Доктор Брайс просил меня напомнить вам, что те, кто до сих пор страдает серьезными нарушениями памяти - особенно те, кого мучает потеря самосознания, - у кого нарушились жизненно важные функции организма или произошло еще что–то серьезное - должны сообщить об этом в дежурное отделение Флетчеровского Мемориала. Там вам будет обеспечено надлежащее лечение и компьютерный анализ для тех, кто не может найти свой дом и свою семью. Повторяю…
Тим Брайс подумал, что лучше бы старому командору не садиться на своего конька - рассуждения об истинно американском духе, особенно с учетом того, что в следующей же фразе он приглашал оставшихся жертв амнезии в больницу. Впрочем, протестовать было бы просто немилосердно. Старый космический волк трудился в поте лица оба эти дня в качестве Голоса Кризиса, и некоторые патриотические отступления вряд ли смогли бы принести какой–либо вред.
На самом деле все обстояло далеко не так хорошо, как это следовало из речи командора Браскета, но надо же было как–то поддержать людей.
Брайс пробежал взглядом последние цифры. Количество самоубийств достигло девятисот, начиная со среды. Воскресенье оказалось неожиданно тяжелым днем. По крайней мере, сорок тысяч человек не знали, кто они такие, хотя их и рассортировывали примерно по тысяче в час - кого в семьи, кого - в больницу для интенсивного лечения. Примерно у семисот пятидесяти тысяч человек были нелады с памятью. С детьми, в основном, было все в порядке, и с большинством женщин тоже. Но люди постарше и почти все мужчины едва ли могли надеяться на восстановление памяти. Даже те, кто почти излечился, не помнил событий вторника и среды, да и вряд ли когда–нибудь вспомнит. Впрочем, для большей части людей их прошлое могло быть преподнесено в виде уроков истории.
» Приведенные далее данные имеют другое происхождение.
(* Let $d\ge2$, let $u_1,\dots,u_\ell$ be an enumeration of the elementary matrices $I+E_{ij}$ ($i\ne j$) in $\operatorname{SL}_d(\mathbb{Z})$, extended cyclically by $u_m=u_{m\bmod \ell}$, and for $N\ge1$ let $\Gamma_N=\{u_1^{k_1}\cdots u_N^{k_N}:k_i\in\mathbb{Z}\}$, acting on $\mathfrak{sl}_d(\mathbb{Z})$ by conjugation. Then there exist constants $Q,N<\infty$ such that for every companion matrix $c_p\in\mathfrak{sl}_d(\mathbb{Z})$ (i.e. $p$ a monic integer polynomial of degree $d$ with vanishing $t^{d-1}$-coefficient), the set $\Gamma_Nc_p=\{\gamma c_p\gamma^{-1}:\gamma\in\Gamma_N\}$ is $Q$-coset fleeing in $\mathfrak{sl}_d(\mathbb{Z})$ and hyperplane-fleeing in $\mathfrak{sl}_d(\mathbb{R})$.
   Context: $E_{ij}$ is the matrix unit with $1$ in position $(i,j)$. $\mathfrak{sl}_d(\mathbb{Z})$ is the additive group of integer $d\times d$ trace-zero matrices. Companion matrix: for $p(t)=a_0+a_1t+\dots+a_{d-1}t^{d-1}+t^d$, $c_p$ has $1$'s on the subdiagonal, last column $(-a_0,\dots,-a_{d-1})^T$, and zeros elsewhere. For an abelian group $\Lambda$, $S\subset\Lambda$ is $Q$-coset fleeing if for every subgroup $W\le\Lambda$ of index $>Q$, $S$ is not contained in a coset of $W$. A subset of a real vector space is hyperplane-fleeing if it is not contained in any proper affine subspace. *)

theory Defs
  imports "Jordan_Normal_Form.Matrix" "HOL-Computational_Algebra.Polynomial"
begin

(* All matrices are d x d, indices 0..d-1 (the paper's i,j shifted by one). *)

definition mtrace :: "'a::comm_ring_1 mat \<Rightarrow> 'a" where
  "mtrace A = (\<Sum>i<dim_row A. A $$ (i, i))"

definition sl :: "nat \<Rightarrow> int mat set" where
  "sl d = {A \<in> carrier_mat d d. mtrace A = 0}"

definition sl_real :: "nat \<Rightarrow> real mat set" where
  "sl_real d = {A \<in> carrier_mat d d. mtrace A = 0}"

definition matunit :: "nat \<Rightarrow> nat \<Rightarrow> nat \<Rightarrow> int mat" where
  "matunit d i j = mat d d (\<lambda>(a, b). if a = i \<and> b = j then 1 else 0)"

definition elem_mat :: "nat \<Rightarrow> nat \<times> nat \<Rightarrow> int mat" where
  "elem_mat d ij = 1\<^sub>m d + matunit d (fst ij) (snd ij)"

text \<open>Inverse of a d x d matrix (meaningful for invertible ones).\<close>
definition minv :: "nat \<Rightarrow> int mat \<Rightarrow> int mat" where
  "minv d A = (SOME B. B \<in> carrier_mat d d \<and> A * B = 1\<^sub>m d \<and> B * A = 1\<^sub>m d)"

definition zpow :: "nat \<Rightarrow> int mat \<Rightarrow> int \<Rightarrow> int mat" where
  "zpow d A k = (if 0 \<le> k then A ^\<^sub>m nat k else (minv d A) ^\<^sub>m nat (- k))"

definition u_seq :: "nat \<Rightarrow> (nat \<times> nat) list \<Rightarrow> nat \<Rightarrow> int mat" where
  "u_seq d es m = elem_mat d (es ! ((m - 1) mod length es))"

fun word_prod :: "nat \<Rightarrow> (nat \<times> nat) list \<Rightarrow> (nat \<Rightarrow> int) \<Rightarrow> nat \<Rightarrow> int mat" where
  "word_prod d es k 0 = 1\<^sub>m d"
| "word_prod d es k (Suc n) = word_prod d es k n * zpow d (u_seq d es (Suc n)) (k (Suc n))"

definition Gamma :: "nat \<Rightarrow> (nat \<times> nat) list \<Rightarrow> nat \<Rightarrow> int mat set" where
  "Gamma d es N = {word_prod d es k N | k. True}"

definition orbit :: "nat \<Rightarrow> (nat \<times> nat) list \<Rightarrow> nat \<Rightarrow> int mat \<Rightarrow> int mat set" where
  "orbit d es N c = {g * c * minv d g | g. g \<in> Gamma d es N}"

definition companion :: "nat \<Rightarrow> int poly \<Rightarrow> int mat" where
  "companion d p = mat d d (\<lambda>(i, j). if i = j + 1 then 1
                                     else if j = d - 1 then - coeff p i else 0)"

definition sl_subgroup :: "nat \<Rightarrow> int mat set \<Rightarrow> bool" where
  "sl_subgroup d W \<longleftrightarrow> W \<subseteq> sl d \<and> 0\<^sub>m d d \<in> W \<and>
     (\<forall>x\<in>W. \<forall>y\<in>W. x + y \<in> W) \<and> (\<forall>x\<in>W. - x \<in> W)"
Именно так Лиза рассказывала ему об их жизни.
Прогулки, которые они совершали… хорошие времена… плохие времена… посещение гостей, друзья, их мечты… все это она описывала так живо, как только могла, и он запоминал каждый анекдот, стараясь снова сделать все это частью себя. Впрочем, он знал, что это бесполезно. Он узнавал очертания, а не содержимое. Хотя это было все, на что он мог надеяться.
Он вдруг почувствовал себя смертельно уставшим.
Он спросил Камакуру:
- Есть что–нибудь новое из парка? Говорят, эти наркотики действительно в руках Халдерсена?
- Похоже, так и есть, Тим. Я слышал, они схватили того типа, который отравил водопровод и напичкали его же амнезификаторами.
- Пора убирать оттуда Халдерсена, - сказал Брайс.
Камакура покачал головой:
- Нет еще. Полиция опасается любых действий в парке. Там все готово взорваться.